Late last month, Bank of America was found guilty of fraud in connection to selling defective mortgages to which the U.S. Department of Justice recommended to the court hearing the case that the bank be fined close to $900 million. This week, Bank of America argued that no penalty should be imposed at all.
The case involved a scandal specifically with Bank of America’s Countrywide Financial group in a scam known as “Hustle,” or “High Speed Swim Lane,” or “HSSL” for short. The scam removed checks for loan quality and employee compensation was based purely on production, regardless of how shoddy the loan was.
Because Bank of America insisted a lack of proof it defrauded customers, the government argued that the bank “frequently defied both the evidence and common sense.”
To which Bank of America responded that “The government’s argument is offensive, suggesting a defendant should be more severely punished when it dares to defend itself against allegations of fraud which it truly believes were baseless — and still does.
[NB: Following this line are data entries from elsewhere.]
lemma computes_mu_step:
  "computes a J j \<Longrightarrow> computes a R r \<Longrightarrow> computes a V v \<Longrightarrow>
   computes a (r_mu_step J R V) (\<lambda>xs. mu_step (j xs) (r xs) (v xs))"
  unfolding r_mu_step_def
  by (rule computes_cong, (rule computes_cond computes_const computes_pred computes_add computes_Z
      | assumption)+) (auto simp: mu_step_def)

lemma map_nth_upt_drop: "length zs = n \<Longrightarrow> map (nth zs) [m..<n] = drop m zs"
  by (rule nth_equalityI) auto

primrec r_clocked :: "recf \<Rightarrow> nat \<Rightarrow> recf" where
  "r_clocked Z a = r_const 1"
| "r_clocked S a = (case a of 0 \<Rightarrow> Z | Suc _ \<Rightarrow> Comp S [Comp S [Proj 1]])"
| "r_clocked (Proj i) a = (if i < a then Comp S [Proj (Suc i)] else Z)"
| "r_clocked (Comp f gs) a = r_mul (r_all_nonzero (map (\<lambda>g. r_clocked g a) gs))
      (Comp (r_clocked f (length gs)) (Proj 0 # map (\<lambda>g. r_pred (r_clocked g a)) gs))"
| "r_clocked (Prim f g) a = (case a of 0 \<Rightarrow> Z | Suc b \<Rightarrow>
      Comp (Prim (r_clocked f b) (r_mul (r_sgn (Proj 1))
          (Comp (r_clocked g (Suc (Suc b))) (Proj 2 # Proj 0 # r_pred (Proj 1) # map Proj [3..<b+3]))))
        (Proj 1 # Proj 0 # map Proj [2..<b+2]))"
| "r_clocked (Mn g) a = r_pred (Comp (Prim Z (r_mu_step (Proj 0) (Proj 1)
          (Comp (r_clocked g (Suc a)) (Proj 2 # Proj 0 # map Proj [3..<a+3]))))
        (Proj 0 # map Proj [0..<a+1]))"

abbreviation clocked_code :: "recf \<Rightarrow> nat list \<Rightarrow> nat" where
  "clocked_code f xs \<equiv> option_code (eval_clocked f (hd xs) (tl xs))"

lemma option_code_eval_clocked_Comp:
  "option_code (eval_clocked (Comp f gs) k ys) =
     prod_list (map (\<lambda>g. if option_code (eval_clocked g k ys) = 0 then 0 else 1) gs) *
     option_code (eval_clocked f k (map (\<lambda>g. option_code (eval_clocked g k ys) - 1) gs))"
proof (cases "None \<in> (\<lambda>g. eval_clocked g k ys) ` set gs")
  case True
  then have "0 \<in> set (map (\<lambda>g. if option_code (eval_clocked g k ys) = 0 then 0 else 1 :: nat) gs)"
    by force
  with True show ?thesis by (simp add: Let_def prod_list_zero_iff)
next
  case False
  then have all_defined: "\<And>g. g \<in> set gs \<Longrightarrow> \<exists>y. eval_clocked g k ys = Some y" by force
  then have ones: "map (\<lambda>g. if option_code (eval_clocked g k ys) = 0 then 0 else 1 :: nat) gs = map (\<lambda>g. 1) gs"
    and args: "map (\<lambda>g. option_code (eval_clocked g k ys) - 1) gs = map (\<lambda>g. the (eval_clocked g k ys)) gs"
    by (auto intro!: map_cong dest!: all_defined)
  have "prod_list (map (\<lambda>g. 1 :: nat) gs) = 1" by (induction gs) auto
  then show ?thesis unfolding ones args using False by (simp add: Let_def comp_def)
qed

lemma computes_clocked_Prim:
  assumes IHf: "\<And>a. computes (Suc a) (r_clocked f a) (clocked_code f)"
    and IHg: "\<And>a. computes (Suc a) (r_clocked g a) (clocked_code g)"
  shows "computes (Suc a) (r_clocked (Prim f g) a) (clocked_code (Prim f g))"
proof (cases a)
  case 0 then show ?thesis by (auto intro!: computes_cong[OF computes_Z] simp: length_Suc_conv)
next
  case (Suc b)
  define step where "step zs = (if zs ! 1 = 0 then 0 else 1) *
    option_code (eval_clocked g (zs ! 2) (zs ! 0 # (zs ! 1 - 1) # drop 3 zs))" for zs
  define h where "h zs = option_code (eval_clocked (Prim f g) (zs ! 1) (zs ! 0 # drop 2 zs))" for zs
  have args: "list_all2 (\<lambda>G g. computes (Suc (Suc (Suc b))) G g)
      (Proj 2 # Proj 0 # r_pred (Proj 1) # map Proj [3..<b+3])
      ((\<lambda>zs. zs ! 2) # (\<lambda>zs. zs ! 0) # (\<lambda>zs. zs ! 1 - 1) # map (\<lambda>i zs. zs ! i) [3..<b+3])"
    by (intro list_all2_Cons[THEN iffD2] conjI computes_Proj computes_pred computes_projs) auto
  have "computes (Suc (Suc (Suc b)))
      (Comp (r_clocked g (Suc (Suc b))) (Proj 2 # Proj 0 # r_pred (Proj 1) # map Proj [3..<b+3]))
      (\<lambda>zs. option_code (eval_clocked g (zs ! 2) (zs ! 0 # (zs ! 1 - 1) # drop 3 zs)))"
    by (rule computes_CompI[OF IHg _ args]) (simp_all add: comp_def map_nth_upt_drop)
  then have "computes (Suc (Suc (Suc b))) (r_mul (r_sgn (Proj 1))
      (Comp (r_clocked g (Suc (Suc b))) (Proj 2 # Proj 0 # r_pred (Proj 1) # map Proj [3..<b+3]))) step"
    unfolding step_def by (intro computes_mul computes_sgn computes_Proj) simp
  then have prim: "computes (Suc (Suc b)) (Prim (r_clocked f b) (r_mul (r_sgn (Proj 1))
      (Comp (r_clocked g (Suc (Suc b))) (Proj 2 # Proj 0 # r_pred (Proj 1) # map Proj [3..<b+3])))) h"
    by (rule computes_Prim[OF IHf]) (auto simp: h_def step_def length_Suc_conv split: option.splits)
  have swap: "list_all2 (\<lambda>G g. computes (Suc (Suc b)) G g) (Proj 1 # Proj 0 # map Proj [2..<b+2])
      ((\<lambda>zs. zs ! 1) # (\<lambda>zs. zs ! 0) # map (\<lambda>i zs. zs ! i) [2..<b+2])"
    by (intro list_all2_Cons[THEN iffD2] conjI computes_Proj computes_projs ballI) auto
  show ?thesis unfolding Suc r_clocked.simps nat.case
  proof (rule computes_CompI[OF prim _ swap])
    fix xs :: "nat list" assume "length xs = Suc (Suc b)"
    then obtain k n ys where xs: "xs = k # n # ys" and ys: "length ys = b" by (auto simp: length_Suc_conv)
    then have "map (nth xs) [2..<b+2] = ys" using map_nth_upt_drop[of xs "b+2" 2] by simp
    then show "clocked_code (Prim f g) xs =
        h (map (\<lambda>g. g xs) ((\<lambda>zs. zs ! 1) # (\<lambda>zs. zs ! 0) # map (\<lambda>i zs. zs ! i) [2..<b+2]))"
      by (simp add: xs h_def comp_def)
  qed auto
qed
The penalties in the matter should be zero.”
The bank believes that the highest it should be fined, if at all, is $1.1 million.
The Financial Institutions Reform, Recovery, and Enforcement Act was created after the savings-and-loans scandal of the 1980s to combat fraud in big banks. This case involving Bank of America was the first to be heard under the act after lying dormant for nearly thirty years.
“Bank of America’s reckless and fraudulent origination and securitization practices in the lead-up to the financial crisis caused significant losses to investors,” said US Attorney Anne M. Tompkins. “Bank of America will have to face the consequences of its actions. We have made a commitment to the American people to hold financial institutions accountable for practices that violated the law and wreaked havoc on the financial system.”